* **Recorded information**:
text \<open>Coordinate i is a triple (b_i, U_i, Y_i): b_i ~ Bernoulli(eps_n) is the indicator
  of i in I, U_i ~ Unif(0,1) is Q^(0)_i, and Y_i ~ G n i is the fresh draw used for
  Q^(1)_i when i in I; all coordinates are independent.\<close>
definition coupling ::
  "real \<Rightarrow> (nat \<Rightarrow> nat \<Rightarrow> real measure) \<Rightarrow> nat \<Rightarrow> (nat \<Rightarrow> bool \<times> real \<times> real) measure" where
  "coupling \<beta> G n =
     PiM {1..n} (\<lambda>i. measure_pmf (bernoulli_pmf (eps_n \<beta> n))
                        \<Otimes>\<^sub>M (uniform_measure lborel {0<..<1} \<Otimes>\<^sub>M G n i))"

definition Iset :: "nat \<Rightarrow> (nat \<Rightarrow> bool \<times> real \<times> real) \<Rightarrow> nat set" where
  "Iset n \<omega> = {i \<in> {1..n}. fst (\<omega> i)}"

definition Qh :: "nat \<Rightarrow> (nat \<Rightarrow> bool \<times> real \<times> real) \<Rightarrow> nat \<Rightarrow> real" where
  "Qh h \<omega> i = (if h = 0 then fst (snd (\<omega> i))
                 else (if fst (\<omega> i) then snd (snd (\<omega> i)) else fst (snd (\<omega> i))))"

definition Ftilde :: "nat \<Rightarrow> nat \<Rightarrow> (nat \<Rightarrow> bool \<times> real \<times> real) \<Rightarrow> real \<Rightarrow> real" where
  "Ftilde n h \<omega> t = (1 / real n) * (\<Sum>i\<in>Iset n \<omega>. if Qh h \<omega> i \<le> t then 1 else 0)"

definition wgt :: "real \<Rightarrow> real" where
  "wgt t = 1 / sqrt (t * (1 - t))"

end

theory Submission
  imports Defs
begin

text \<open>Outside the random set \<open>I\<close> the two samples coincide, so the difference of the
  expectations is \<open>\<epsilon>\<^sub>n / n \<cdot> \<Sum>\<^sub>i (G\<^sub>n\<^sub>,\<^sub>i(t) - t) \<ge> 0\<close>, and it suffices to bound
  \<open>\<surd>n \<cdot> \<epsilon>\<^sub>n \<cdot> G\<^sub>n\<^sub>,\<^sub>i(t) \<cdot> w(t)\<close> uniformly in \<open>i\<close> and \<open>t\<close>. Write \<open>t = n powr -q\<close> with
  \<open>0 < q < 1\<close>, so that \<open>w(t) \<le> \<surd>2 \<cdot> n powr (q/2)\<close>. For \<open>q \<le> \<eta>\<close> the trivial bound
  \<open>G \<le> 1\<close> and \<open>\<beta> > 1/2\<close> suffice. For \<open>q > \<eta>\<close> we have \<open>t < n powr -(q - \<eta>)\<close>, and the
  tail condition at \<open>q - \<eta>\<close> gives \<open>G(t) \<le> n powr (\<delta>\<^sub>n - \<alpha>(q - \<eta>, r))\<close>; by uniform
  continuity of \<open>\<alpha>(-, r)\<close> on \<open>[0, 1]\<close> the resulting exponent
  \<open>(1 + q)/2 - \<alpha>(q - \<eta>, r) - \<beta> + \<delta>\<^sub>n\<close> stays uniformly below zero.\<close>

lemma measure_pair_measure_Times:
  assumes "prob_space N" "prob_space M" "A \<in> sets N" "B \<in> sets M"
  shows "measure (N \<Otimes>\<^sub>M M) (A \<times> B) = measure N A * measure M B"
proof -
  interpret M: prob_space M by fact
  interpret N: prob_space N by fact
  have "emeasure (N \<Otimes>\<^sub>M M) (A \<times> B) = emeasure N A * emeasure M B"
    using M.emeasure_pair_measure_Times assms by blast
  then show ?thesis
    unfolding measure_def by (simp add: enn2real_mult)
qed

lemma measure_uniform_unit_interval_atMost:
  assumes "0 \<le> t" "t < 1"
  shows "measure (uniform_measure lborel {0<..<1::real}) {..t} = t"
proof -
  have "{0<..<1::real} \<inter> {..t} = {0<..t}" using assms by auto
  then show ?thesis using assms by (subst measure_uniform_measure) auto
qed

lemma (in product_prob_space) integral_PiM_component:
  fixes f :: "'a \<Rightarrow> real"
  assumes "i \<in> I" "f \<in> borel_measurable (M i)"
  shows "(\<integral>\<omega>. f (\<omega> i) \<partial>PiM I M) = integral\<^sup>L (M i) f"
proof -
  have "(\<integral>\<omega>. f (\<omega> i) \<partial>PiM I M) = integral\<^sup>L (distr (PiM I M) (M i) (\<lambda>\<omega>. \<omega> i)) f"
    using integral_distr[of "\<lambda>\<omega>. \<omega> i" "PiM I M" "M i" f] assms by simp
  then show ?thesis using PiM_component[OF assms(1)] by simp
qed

* **How to complete this task**: Transcribe every entry in the listing, word for word.

* **Response for this exercise**:
text \<open>Coordinate i is a triple (b_i, U_i, Y_i): b_i ~ Bernoulli(eps_n) is the indicator
  of i in I, U_i ~ Unif(0,1) is Q^(0)_i, and Y_i ~ G n i is the fresh draw used for
  Q^(1)_i when i in I; all coordinates are independent.\<close>
definition coupling ::
  "real \<Rightarrow> (nat \<Rightarrow> nat \<Rightarrow> real measure) \<Rightarrow> nat \<Rightarrow> (nat \<Rightarrow> bool \<times> real \<times> real) measure" where
  "coupling \<beta> G n =
     PiM {1..n} (\<lambda>i. measure_pmf (bernoulli_pmf (eps_n \<beta> n))
                        \<Otimes>\<^sub>M (uniform_measure lborel {0<..<1} \<Otimes>\<^sub>M G n i))"

definition Iset :: "nat \<Rightarrow> (nat \<Rightarrow> bool \<times> real \<times> real) \<Rightarrow> nat set" where
  "Iset n \<omega> = {i \<in> {1..n}. fst (\<omega> i)}"

definition Qh :: "nat \<Rightarrow> (nat \<Rightarrow> bool \<times> real \<times> real) \<Rightarrow> nat \<Rightarrow> real" where
  "Qh h \<omega> i = (if h = 0 then fst (snd (\<omega> i))
                 else (if fst (\<omega> i) then snd (snd (\<omega> i)) else fst (snd (\<omega> i))))"

definition Ftilde :: "nat \<Rightarrow> nat \<Rightarrow> (nat \<Rightarrow> bool \<times> real \<times> real) \<Rightarrow> real \<Rightarrow> real" where
  "Ftilde n h \<omega> t = (1 / real n) * (\<Sum>i\<in>Iset n \<omega>. if Qh h \<omega> i \<le> t then 1 else 0)"

definition wgt :: "real \<Rightarrow> real" where
  "wgt t = 1 / sqrt (t * (1 - t))"

end

theory Submission
  imports Defs
begin

text \<open>Outside the random set \<open>I\<close> the two samples coincide, so the difference of the
  expectations is \<open>\<epsilon>\<^sub>n / n \<cdot> \<Sum>\<^sub>i (G\<^sub>n\<^sub>,\<^sub>i(t) - t) \<ge> 0\<close>, and it suffices to bound
  \<open>\<surd>n \<cdot> \<epsilon>\<^sub>n \<cdot> G\<^sub>n\<^sub>,\<^sub>i(t) \<cdot> w(t)\<close> uniformly in \<open>i\<close> and \<open>t\<close>. Write \<open>t = n powr -q\<close> with
  \<open>0 < q < 1\<close>, so that \<open>w(t) \<le> \<surd>2 \<cdot> n powr (q/2)\<close>. For \<open>q \<le> \<eta>\<close> the trivial bound
  \<open>G \<le> 1\<close> and \<open>\<beta> > 1/2\<close> suffice. For \<open>q > \<eta>\<close> we have \<open>t < n powr -(q - \<eta>)\<close>, and the
  tail condition at \<open>q - \<eta>\<close> gives \<open>G(t) \<le> n powr (\<delta>\<^sub>n - \<alpha>(q - \<eta>, r))\<close>; by uniform
  continuity of \<open>\<alpha>(-, r)\<close> on \<open>[0, 1]\<close> the resulting exponent
  \<open>(1 + q)/2 - \<alpha>(q - \<eta>, r) - \<beta> + \<delta>\<^sub>n\<close> stays uniformly below zero.\<close>

lemma measure_pair_measure_Times:
  assumes "prob_space N" "prob_space M" "A \<in> sets N" "B \<in> sets M"
  shows "measure (N \<Otimes>\<^sub>M M) (A \<times> B) = measure N A * measure M B"
proof -
  interpret M: prob_space M by fact
  interpret N: prob_space N by fact
  have "emeasure (N \<Otimes>\<^sub>M M) (A \<times> B) = emeasure N A * emeasure M B"
    using M.emeasure_pair_measure_Times assms by blast
  then show ?thesis
    unfolding measure_def by (simp add: enn2real_mult)
qed

lemma measure_uniform_unit_interval_atMost:
  assumes "0 \<le> t" "t < 1"
  shows "measure (uniform_measure lborel {0<..<1::real}) {..t} = t"
proof -
  have "{0<..<1::real} \<inter> {..t} = {0<..t}" using assms by auto
  then show ?thesis using assms by (subst measure_uniform_measure) auto
qed

lemma (in product_prob_space) integral_PiM_component:
  fixes f :: "'a \<Rightarrow> real"
  assumes "i \<in> I" "f \<in> borel_measurable (M i)"
  shows "(\<integral>\<omega>. f (\<omega> i) \<partial>PiM I M) = integral\<^sup>L (M i) f"
proof -
  have "(\<integral>\<omega>. f (\<omega> i) \<partial>PiM I M) = integral\<^sup>L (distr (PiM I M) (M i) (\<lambda>\<omega>. \<omega> i)) f"
    using integral_distr[of "\<lambda>\<omega>. \<omega> i" "PiM I M" "M i" f] assms by simp
  then show ?thesis using PiM_component[OF assms(1)] by simp
qed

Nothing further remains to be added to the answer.